Grisaille blinked at her. He felt rather as if he’d missed a page in the script – namely the bit where these weird and apparently friendly and affectionate people without question took him in, when all he’d ever done for them was imprison one and act as occasional guide and general source of irritation for several others.
“You don’t have to,” Greta said, apparently mistaking his silence for something other than surprise. “I mean, it’s entirely up to you, whatever you end up doing, but I do suggest you give the vampire-coven-lieutenant gig a rest for a couple of decades. It’s not a good look on you. Doesn’t do you any favors.”
He laughed without meaning to, and she had to steady his hand around the glass while he got his breathing back under control: that had hurt, hurt like being struck all over again with something pointy. Greta was looking somewhat contrite.
“Anyway,” she said. “You don’t have to decide now. Finish that, and get some more sleep. You’re safe here, I can promise that.”
“What about – the others,” he said, breathless.

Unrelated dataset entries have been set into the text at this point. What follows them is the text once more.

(* Let $0<\mu<1$, $0\le\lambda<1$, and let $I_\theta$ be the function defined for $x\in(0,1)$ by $$I_\theta(x)=-x\log\left[\frac{\mu+\bar\mu\lambda}{1-2\bar x/(\sqrt\Delta+1)}\right]-\bar x\log\left[\frac{\bar\mu+\mu\lambda}{1-2x/(\sqrt\Delta+1)}\right],\qquad \Delta=1+\frac{4\lambda x\bar x}{\mu\bar\mu(1-\lambda)^2},$$ with $\bar\mu=1-\mu$, $\bar x=1-x$. Then for all $x\in(0,1)$, $$I_\theta(x)\ge 2\,\frac{1-\lambda}{1+\lambda}\,(x-\mu)^2.$$ Moreover, for $x\ne\mu$, the function $g(x)=I_\theta(x)/(x-\mu)^2$ attains its global minimum over $(0,1)\setminus\{\mu\}$ at $x=\bar\mu$ (when $\mu\neq1/2$). *)

theory Defs
  imports Complex_Main
begin

definition Delta_theta :: "real \<Rightarrow> real \<Rightarrow> real \<Rightarrow> real" where
  "Delta_theta mu lam x = 1 + 4 * lam * x * (1 - x) / (mu * (1 - mu) * (1 - lam)^2)"

definition I_theta :: "real \<Rightarrow> real \<Rightarrow> real \<Rightarrow> real" where
  "I_theta mu lam x =
     - x * ln ((mu + (1 - mu) * lam) / (1 - 2 * (1 - x) / (sqrt (Delta_theta mu lam x) + 1)))
     - (1 - x) * ln (((1 - mu) + mu * lam) / (1 - 2 * x / (sqrt (Delta_theta mu lam x) + 1)))"

end

theory Submission
  imports Defs "HOL-Analysis.Analysis"
begin

(* With s = sqrt Delta, the rate function I_theta vanishes together with its derivative at mu, and
   its second derivative 1 / (s x (1 - x)) grows with the distance |x - 1/2|.  For mu = 1/2 it is
   therefore at least its value 4 (1 - lam) / (1 + lam) at mu, and the bound follows by convexity.
   Otherwise let K = I_theta (1 - mu) / (1 - 2 mu)^2.  Then f x = I_theta x - K (x - mu)^2 vanishes
   to second order at both mu and 1 - mu, and f'' is again monotone in |x - 1/2|.  Such an f is
   nonnegative: Rolle's theorem gives a zero of f'' between mu and 1 - mu, so f is convex farther
   out, and a negative value of f between mu and 1 - mu would make f'' negative, positive and
   negative again there, which the monotonicity rules out.  This shows that K is the minimum of
   I_theta x / (x - mu)^2, and the quadratic bound follows from K >= 2 (1 - lam) / (1 + lam), which
   is the inequality artanh z >= z for z = (1 - lam) (1 - 2 mu) / (1 + lam). *)

lemma second_deriv_nonneg_imp_above_tangent:
  fixes f f' f'' :: "real \<Rightarrow> real"
  assumes f': "\<And>t. l < t \<Longrightarrow> t < r \<Longrightarrow> (f has_real_derivative f' t) (at t)"
    and f'': "\<And>t. l < t \<Longrightarrow> t < r \<Longrightarrow> (f' has_real_derivative f'' t) (at t)"
    and nonneg: "\<And>t. l < t \<Longrightarrow> t < r \<Longrightarrow> f'' t \<ge> 0"
    and c: "l < c" "c < r" and x: "l < x" "x < r"
  shows "f x \<ge> f c + f' c * (x - c)"
proof -
  have "convex_on {l<..<r} f"
    using f' f'' nonneg by (intro f''_ge0_imp_convex) auto
  moreover have "(f has_real_derivative f' c) (at c within {l<..<r})"
    using f' c by (simp add: has_field_derivative_at_within)
  ultimately have "f x - f c \<ge> f' c * (x - c)"
    using c x by (intro convex_on_imp_above_tangent) auto
  then show ?thesis by simp
qed

lemma nonneg_between_double_zeros:
  fixes f f' f'' :: "real \<Rightarrow> real"
  assumes f': "\<And>t. a \<le> t \<Longrightarrow> t \<le> b \<Longrightarrow> (f has_real_derivative f' t) (at t)"
    and f'': "\<And>t. a \<le> t \<Longrightarrow> t \<le> b \<Longrightarrow> (f' has_real_derivative f'' t) (at t)"
    and zeros: "f a = 0" "f b = 0" "f' a = 0" "f' b = 0"
    and quasiconvex: "\<And>p q s. a < p \<Longrightarrow> p < q \<Longrightarrow> q < s \<Longrightarrow> s < b \<Longrightarrow> f'' q \<le> max (f'' p) (f'' s)"
    and x: "a \<le> x" "x \<le> b"
  shows "f x \<ge> 0"
proof (rule ccontr)
  assume "\<not> f x \<ge> 0"
  then have neg: "f x < 0" by simp
  with zeros x have ax: "a < x" and xb: "x < b" by (auto simp: order_le_less)
  obtain e1 where e1: "a < e1" "e1 < x" "f x - f a = (x - a) * f' e1"
    using MVT2[OF ax, of f f'] f' xb by auto
  obtain e2 where e2: "x < e2" "e2 < b" "f b - f x = (b - x) * f' e2"
    using MVT2[OF xb, of f f'] f' ax by auto
  have "(x - a) * f' e1 < 0" using e1 neg zeros by linarith
  then have "f' e1 < 0" using e1 by (simp add: mult_less_0_iff)
  have "(b - x) * f' e2 > 0" using e2 neg zeros by linarith
  then have "f' e2 > 0" using e2 by (simp add: zero_less_mult_iff)
  obtain p where p: "a < p" "p < e1" "f' e1 - f' a = (e1 - a) * f'' p"
    using MVT2[OF e1(1), of f' f''] f'' e1 xb by auto
  obtain q where q: "e1 < q" "q < e2" "f' e2 - f' e1 = (e2 - e1) * f'' q"
    using MVT2[of e1 e2 f' f''] f'' e1 e2 by auto
  obtain s where s: "e2 < s" "s < b" "f' b - f' e2 = (b - e2) * f'' s"
    using MVT2[OF e2(2), of f' f''] f'' e2 ax by auto
  have "(e1 - a) * f'' p < 0" using p \<open>f' e1 < 0\<close> zeros by linarith
  then have "f'' p < 0" using p by (simp add: mult_less_0_iff)
  have "(e2 - e1) * f'' q > 0" using q \<open>f' e1 < 0\<close> \<open>f' e2 > 0\<close> by linarith
  then have "f'' q > 0" using q by (simp add: zero_less_mult_iff)
  have "(b - e2) * f'' s < 0" using s \<open>f' e2 > 0\<close> zeros by linarith
  then have "f'' s < 0" using s by (simp add: mult_less_0_iff)
  have "f'' q \<le> max (f'' p) (f'' s)"
    using quasiconvex p q s e1 e2 by simp
  with \<open>f'' p < 0\<close> \<open>f'' q > 0\<close> \<open>f'' s < 0\<close> show False by linarith
qed

lemma nonneg_of_double_zeros_symmetric:
  fixes f f' f'' :: "real \<Rightarrow> real"
  assumes f': "\<And>t. l < t \<Longrightarrow> t < r \<Longrightarrow> (f has_real_derivative f' t) (at t)"
    and f'': "\<And>t. l < t \<Longrightarrow> t < r \<Longrightarrow> (f' has_real_derivative f'' t) (at t)"
    and interval: "l < m - d" "0 < d" "m + d < r"
    and zeros: "f (m - d) = 0" "f (m + d) = 0" "f' (m - d) = 0" "f' (m + d) = 0"
    and mono: "\<And>p q. l < p \<Longrightarrow> p < r \<Longrightarrow> l < q \<Longrightarrow> q < r \<Longrightarrow> \<bar>q - m\<bar> \<le> \<bar>p - m\<bar> \<Longrightarrow> f'' q \<le> f'' p"
    and x: "l < x" "x < r"
  shows "f x \<ge> 0"
proof -
  obtain \<xi> where \<xi>: "m - d < \<xi>" "\<xi> < m + d" "f' (m + d) - f' (m - d) = (m + d - (m - d)) * f'' \<xi>"
    using MVT2[of "m - d" "m + d" f' f''] f'' interval by auto
  have "f'' \<xi> = 0" using \<xi>(3) zeros interval by simp
  define \<delta> where "\<delta> = \<bar>\<xi> - m\<bar>"
  have "0 \<le> \<delta>" "\<delta> < d" using \<xi> by (auto simp: \<delta>_def)
  have convex_outside: "f'' t \<ge> 0" if "l < t" "t < r" "\<delta> \<le> \<bar>t - m\<bar>" for t
    using mono[of t \<xi>] that \<xi> interval \<open>f'' \<xi> = 0\<close> by (simp add: \<delta>_def)
  consider "x \<le> m - d" | "m + d \<le> x" | "m - d \<le> x" "x \<le> m + d" by linarith
  then show ?thesis
  proof cases
    case 1
    have "f x \<ge> f (m - d) + f' (m - d) * (x - (m - d))"
      using 1 x interval \<open>0 \<le> \<delta>\<close> \<open>\<delta> < d\<close>
      by (intro second_deriv_nonneg_imp_above_tangent[of "l" "m - \<delta>" f f' f''] f' f'' convex_outside) auto
    then show ?thesis using zeros by simp
  next
    case 2
    have "f x \<ge> f (m + d) + f' (m + d) * (x - (m + d))"
      using 2 x interval \<open>0 \<le> \<delta>\<close> \<open>\<delta> < d\<close>
      by (intro second_deriv_nonneg_imp_above_tangent[of "m + \<delta>" r f f' f''] f' f'' convex_outside) auto
    then show ?thesis using zeros by simp
  next
    case 3
    have "f'' q \<le> max (f'' p) (f'' s)"
      if "m - d < p" "p < q" "q < s" "s < m + d" for p q s
    proof -
      have "\<bar>q - m\<bar> \<le> \<bar>p - m\<bar> \<or> \<bar>q - m\<bar> \<le> \<bar>s - m\<bar>" using that by linarith
      then show ?thesis using mono[of p q] mono[of s q] that interval by fastforce
    qed
    then show ?thesis
      using 3 f' f'' zeros interval
      by (intro nonneg_between_double_zeros[of "m - d" "m + d" f f' f'']) auto
  qed
qed

lemma artanh_ge_self:
  fixes z :: real
  assumes "0 \<le> z" "z < 1"
  shows "z \<le> artanh z"
proof (cases "z = 0")
  case False
  have "(artanh has_real_derivative 1 / (1 - t^2)) (at t)" if "0 \<le> t" "t \<le> z" for t
    using that assms by (intro artanh_real_has_field_derivative) auto
  then obtain \<xi> where \<xi>: "0 < \<xi>" "\<xi> < z" "artanh z - artanh 0 = (z - 0) * (1 / (1 - \<xi>^2))"
    using MVT2[of 0 z artanh "\<lambda>t. 1 / (1 - t^2)"] assms False by auto
  have "\<xi>^2 < 1" using \<xi> assms by (simp add: abs_square_less_1)
  then have "1 \<le> 1 / (1 - \<xi>^2)" using \<xi> by simp
  then show ?thesis using \<xi> mult_left_mono[of 1 "1 / (1 - \<xi>^2)" z] by simp
qed simp

lemma square_le_mult_artanh:
  fixes z :: real
  assumes "\<bar>z\<bar> < 1"
  shows "z^2 \<le> z * artanh z"
proof (cases "0 \<le> z")
  case True
  then show ?thesis
    using assms artanh_ge_self[of z] mult_left_mono[of z "artanh z" z] by (simp add: power2_eq_square)
next
  case False
  then have "- z \<le> artanh (- z)" using assms by (intro artanh_ge_self) auto
  then show ?thesis
    using assms False mult_left_mono[of "- z" "artanh (- z)" "- z"] by (simp add: power2_eq_square)
qed

lemma log_expansion_has_deriv:
  fixes S :: "real \<Rightarrow> real"
  assumes S': "(S has_real_derivative k * (1 - 2 * x) / (2 * S x)) (at x)"
    and S: "(S x)^2 = 1 + k * (x * (1 - x))" "1 \<le> S x" and x: "0 < x" "x < 1"
  shows "((\<lambda>t. t * ln (S t - 1 + 2 * t) + (1 - t) * ln (S t + 1 - 2 * t) - ln (S t + 1))
    has_real_derivative ln (S x - 1 + 2 * x) - ln (S x + 1 - 2 * x)) (at x)"
proof -
  define d where "d = k * (1 - 2 * x) / (2 * S x)"
  have pos: "0 < S x - 1 + 2 * x" "0 < S x + 1 - 2 * x" "0 < S x + 1" using S x by auto
  have cancel: "x * (d + 2) / (S x - 1 + 2 * x) + (1 - x) * (d - 2) / (S x + 1 - 2 * x) - d / (S x + 1) = 0"
  proof -
    have "(S x - 1 + 2 * x) * (S x + 1 - 2 * x) \<noteq> 0" using pos by simp
    then have "S x * S x + x * 4 - (1 + x * (x * 4)) \<noteq> 0" by (simp add: algebra_simps)
    moreover have "d * (2 * S x) = k * (1 - 2 * x)" using S by (simp add: d_def)
    ultimately show ?thesis using pos S by (simp add: field_simps) algebra
  qed
  have "((\<lambda>t. t * ln (S t - 1 + 2 * t) + (1 - t) * ln (S t + 1 - 2 * t) - ln (S t + 1))
    has_real_derivative ln (S x - 1 + 2 * x) - ln (S x + 1 - 2 * x)
      + (x * (d + 2) / (S x - 1 + 2 * x) + (1 - x) * (d - 2) / (S x + 1 - 2 * x) - d / (S x + 1))) (at x)"
    using S' pos unfolding d_def[symmetric]
    by (auto intro!: derivative_eq_intros simp: algebra_simps diff_divide_distrib add_divide_distrib)
  then show ?thesis unfolding cancel by simp
qed

lemma log_ratio_has_deriv:
  fixes S :: "real \<Rightarrow> real"
  assumes S': "(S has_real_derivative k * (1 - 2 * x) / (2 * S x)) (at x)"
    and S: "(S x)^2 = 1 + k * (x * (1 - x))" "1 \<le> S x" and x: "0 < x" "x < 1"
  shows "((\<lambda>t. ln (S t - 1 + 2 * t) - ln (S t + 1 - 2 * t))
    has_real_derivative 1 / (S x * (x * (1 - x)))) (at x)"
proof -
  define d where "d = k * (1 - 2 * x) / (2 * S x)"
  have pos: "0 < S x - 1 + 2 * x" "0 < S x + 1 - 2 * x" using S x by auto
  have "(d + 2) / (S x - 1 + 2 * x) - (d - 2) / (S x + 1 - 2 * x) = 1 / (S x * (x * (1 - x)))"
  proof -
    have "S x - 1 + 2 * x \<noteq> 0" "S x + 1 - 2 * x \<noteq> 0" "S x \<noteq> 0" "x \<noteq> 0" "1 - x \<noteq> 0"
      using S x by auto
    moreover have "d * (2 * S x) = k * (1 - 2 * x)" using S by (simp add: d_def)
    ultimately show ?thesis using S(1) by (simp add: field_simps) algebra
  qed
  moreover have "((\<lambda>t. ln (S t - 1 + 2 * t) - ln (S t + 1 - 2 * t))
    has_real_derivative (d + 2) / (S x - 1 + 2 * x) - (d - 2) / (S x + 1 - 2 * x)) (at x)"
    using S' pos unfolding d_def[symmetric] by (auto intro!: derivative_eq_intros)
  ultimately show ?thesis by simp
qed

“Varney’s arm is a mess, he’ll be in a sling for another week or so, and Ruthven has managed somehow to evade damage to his pretty face but he’s banged up as well. St. Germain’s in better shape. And Emily’s all right, even if she’s having trouble adjusting to the diurnal cycle.”
“She’s here?”
“Oh yes. We got you both out, at the end of it all. She’s under Ruthven and Varney’s protection, which is practically the best possible situation for a kid in her position; they’ll make sure she gets whatever help she needs, and they can tell her how to be a vampire in a more sustainable and less self-destructive sort of way.”
He nodded, subsiding. Thought about Corvin at the beginning of all this, standing at the Opera balcony looking down at Ruthven and Greta moving through the crowd. Thought about himself, sidling up to his leader, looking down as well. Thought about how much he’d wanted, even then, before all of this, to have someone else in charge.
I can see why you want to pull his head off, he had said. It’s a nice head.
Grisaille was glad, in a forceful if formless sort of way, that Corvin hadn’t succeeded in that particular task.
Greta took the glass back, and reached down to rest a hand gently against his foreh
ead. “Good,” she said, “you’re making excellent progress, I’m very pleased. Does it hurt any less?”
He realized that it did. The pain was still there, but it had been blunted, overlaid with some kind of insulating factor, or perhaps he simply didn’t care about it quite so much. “Yes,” he said, and was rewarded with a bright and genuine smile.
“I had hoped for that. Get some rest, Grisaille. Today —”
“Is the first day of the rest of my unlife?” he drawled, raising an eyebrow. She nodded, mock-solemn.
“You are not a number,” she informed him, “you are a free man.”
“You know, I cannot believe you missed the opportunity to tell me I was in the Village when I woke up,” said Grisaille, but he was smiling helplessly. It had been a small but pleasant surprise to find that his prisoner had a sense of humor, back in the tunnels under the city.
“To be honest,” said Greta, rueful, “neither can I.”